## INSTRUCTIONS TO FOLLOW
Using the material that follows, work out how many lines include the word "finally". Your answer should be that number only.

## EXCERPTED DATA
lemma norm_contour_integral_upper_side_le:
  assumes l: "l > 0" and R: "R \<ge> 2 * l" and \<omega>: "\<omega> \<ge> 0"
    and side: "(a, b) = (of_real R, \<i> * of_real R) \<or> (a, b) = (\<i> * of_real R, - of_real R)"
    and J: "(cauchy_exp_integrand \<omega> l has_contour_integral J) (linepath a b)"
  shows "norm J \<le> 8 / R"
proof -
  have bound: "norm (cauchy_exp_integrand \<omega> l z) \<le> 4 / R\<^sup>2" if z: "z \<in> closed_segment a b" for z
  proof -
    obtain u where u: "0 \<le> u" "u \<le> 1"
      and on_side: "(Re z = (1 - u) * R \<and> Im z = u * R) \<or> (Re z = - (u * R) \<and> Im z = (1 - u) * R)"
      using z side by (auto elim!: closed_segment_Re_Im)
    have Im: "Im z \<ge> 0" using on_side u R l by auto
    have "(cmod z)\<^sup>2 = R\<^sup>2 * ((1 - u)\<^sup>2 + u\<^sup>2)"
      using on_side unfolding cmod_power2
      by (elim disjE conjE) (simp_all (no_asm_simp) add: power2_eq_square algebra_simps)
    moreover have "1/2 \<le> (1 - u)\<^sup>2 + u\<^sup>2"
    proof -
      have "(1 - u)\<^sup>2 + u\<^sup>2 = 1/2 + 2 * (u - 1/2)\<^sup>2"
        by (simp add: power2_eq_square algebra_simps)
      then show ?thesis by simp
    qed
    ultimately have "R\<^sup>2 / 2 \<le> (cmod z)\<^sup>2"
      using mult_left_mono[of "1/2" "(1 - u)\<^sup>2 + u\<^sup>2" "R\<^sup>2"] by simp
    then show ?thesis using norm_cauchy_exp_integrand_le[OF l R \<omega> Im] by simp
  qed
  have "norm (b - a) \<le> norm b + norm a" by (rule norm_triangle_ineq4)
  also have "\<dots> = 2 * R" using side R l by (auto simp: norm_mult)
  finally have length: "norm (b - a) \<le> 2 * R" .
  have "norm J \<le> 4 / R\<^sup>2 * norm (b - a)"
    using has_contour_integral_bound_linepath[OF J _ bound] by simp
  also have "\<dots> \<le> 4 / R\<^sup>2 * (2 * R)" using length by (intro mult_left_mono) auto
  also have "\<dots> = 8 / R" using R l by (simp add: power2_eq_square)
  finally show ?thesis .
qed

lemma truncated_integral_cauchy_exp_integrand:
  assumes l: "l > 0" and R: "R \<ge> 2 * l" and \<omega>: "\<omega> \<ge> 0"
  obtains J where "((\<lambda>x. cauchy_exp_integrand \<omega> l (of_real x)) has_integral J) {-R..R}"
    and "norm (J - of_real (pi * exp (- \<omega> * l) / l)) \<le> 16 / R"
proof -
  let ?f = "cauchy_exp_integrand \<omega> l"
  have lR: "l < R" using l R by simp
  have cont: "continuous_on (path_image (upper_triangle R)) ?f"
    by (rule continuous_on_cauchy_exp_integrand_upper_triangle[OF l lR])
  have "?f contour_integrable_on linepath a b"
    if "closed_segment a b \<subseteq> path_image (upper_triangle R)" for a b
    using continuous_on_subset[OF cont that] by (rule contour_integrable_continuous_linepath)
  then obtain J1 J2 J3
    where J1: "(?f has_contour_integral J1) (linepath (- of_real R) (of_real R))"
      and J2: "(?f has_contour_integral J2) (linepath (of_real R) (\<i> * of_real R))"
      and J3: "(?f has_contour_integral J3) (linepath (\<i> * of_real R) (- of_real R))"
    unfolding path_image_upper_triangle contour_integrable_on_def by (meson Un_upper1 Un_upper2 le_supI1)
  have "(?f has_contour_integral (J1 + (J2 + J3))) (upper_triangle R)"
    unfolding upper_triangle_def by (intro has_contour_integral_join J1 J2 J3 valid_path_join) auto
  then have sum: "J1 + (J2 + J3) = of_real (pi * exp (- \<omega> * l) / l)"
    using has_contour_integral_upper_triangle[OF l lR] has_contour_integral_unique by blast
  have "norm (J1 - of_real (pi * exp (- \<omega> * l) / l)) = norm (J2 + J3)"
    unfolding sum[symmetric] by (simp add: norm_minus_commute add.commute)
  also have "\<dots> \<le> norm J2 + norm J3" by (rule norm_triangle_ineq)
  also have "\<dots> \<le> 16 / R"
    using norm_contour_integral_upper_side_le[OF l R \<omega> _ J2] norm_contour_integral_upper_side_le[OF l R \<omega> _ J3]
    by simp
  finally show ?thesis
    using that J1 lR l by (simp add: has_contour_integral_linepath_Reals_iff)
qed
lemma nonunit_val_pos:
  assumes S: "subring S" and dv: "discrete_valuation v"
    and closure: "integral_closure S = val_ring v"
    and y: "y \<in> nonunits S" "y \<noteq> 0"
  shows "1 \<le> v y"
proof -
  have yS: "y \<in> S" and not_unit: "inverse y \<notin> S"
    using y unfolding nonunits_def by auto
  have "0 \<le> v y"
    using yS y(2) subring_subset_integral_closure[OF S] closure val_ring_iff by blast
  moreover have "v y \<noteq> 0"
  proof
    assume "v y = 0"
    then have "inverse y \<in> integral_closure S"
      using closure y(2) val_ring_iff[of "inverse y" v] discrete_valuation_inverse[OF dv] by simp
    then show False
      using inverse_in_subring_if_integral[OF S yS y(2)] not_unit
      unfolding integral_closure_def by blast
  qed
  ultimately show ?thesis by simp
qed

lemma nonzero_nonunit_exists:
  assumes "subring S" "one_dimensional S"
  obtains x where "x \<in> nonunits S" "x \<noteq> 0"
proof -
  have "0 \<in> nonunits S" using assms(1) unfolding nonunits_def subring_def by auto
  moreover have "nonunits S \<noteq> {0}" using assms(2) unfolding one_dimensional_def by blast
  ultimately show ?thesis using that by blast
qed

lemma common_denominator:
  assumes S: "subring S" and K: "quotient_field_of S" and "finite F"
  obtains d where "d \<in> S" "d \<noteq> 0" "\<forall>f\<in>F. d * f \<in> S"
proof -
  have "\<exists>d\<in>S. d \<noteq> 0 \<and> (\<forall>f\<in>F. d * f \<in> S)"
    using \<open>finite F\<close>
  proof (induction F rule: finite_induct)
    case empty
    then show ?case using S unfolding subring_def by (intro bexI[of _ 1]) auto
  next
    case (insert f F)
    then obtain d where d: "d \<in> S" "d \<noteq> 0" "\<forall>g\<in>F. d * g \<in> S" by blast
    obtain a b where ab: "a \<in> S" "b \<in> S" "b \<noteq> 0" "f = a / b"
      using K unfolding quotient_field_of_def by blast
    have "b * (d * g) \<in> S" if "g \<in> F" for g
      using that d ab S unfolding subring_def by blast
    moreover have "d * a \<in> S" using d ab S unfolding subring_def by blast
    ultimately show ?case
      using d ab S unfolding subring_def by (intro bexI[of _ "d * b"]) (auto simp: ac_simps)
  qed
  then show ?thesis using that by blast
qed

## SOLUTION
3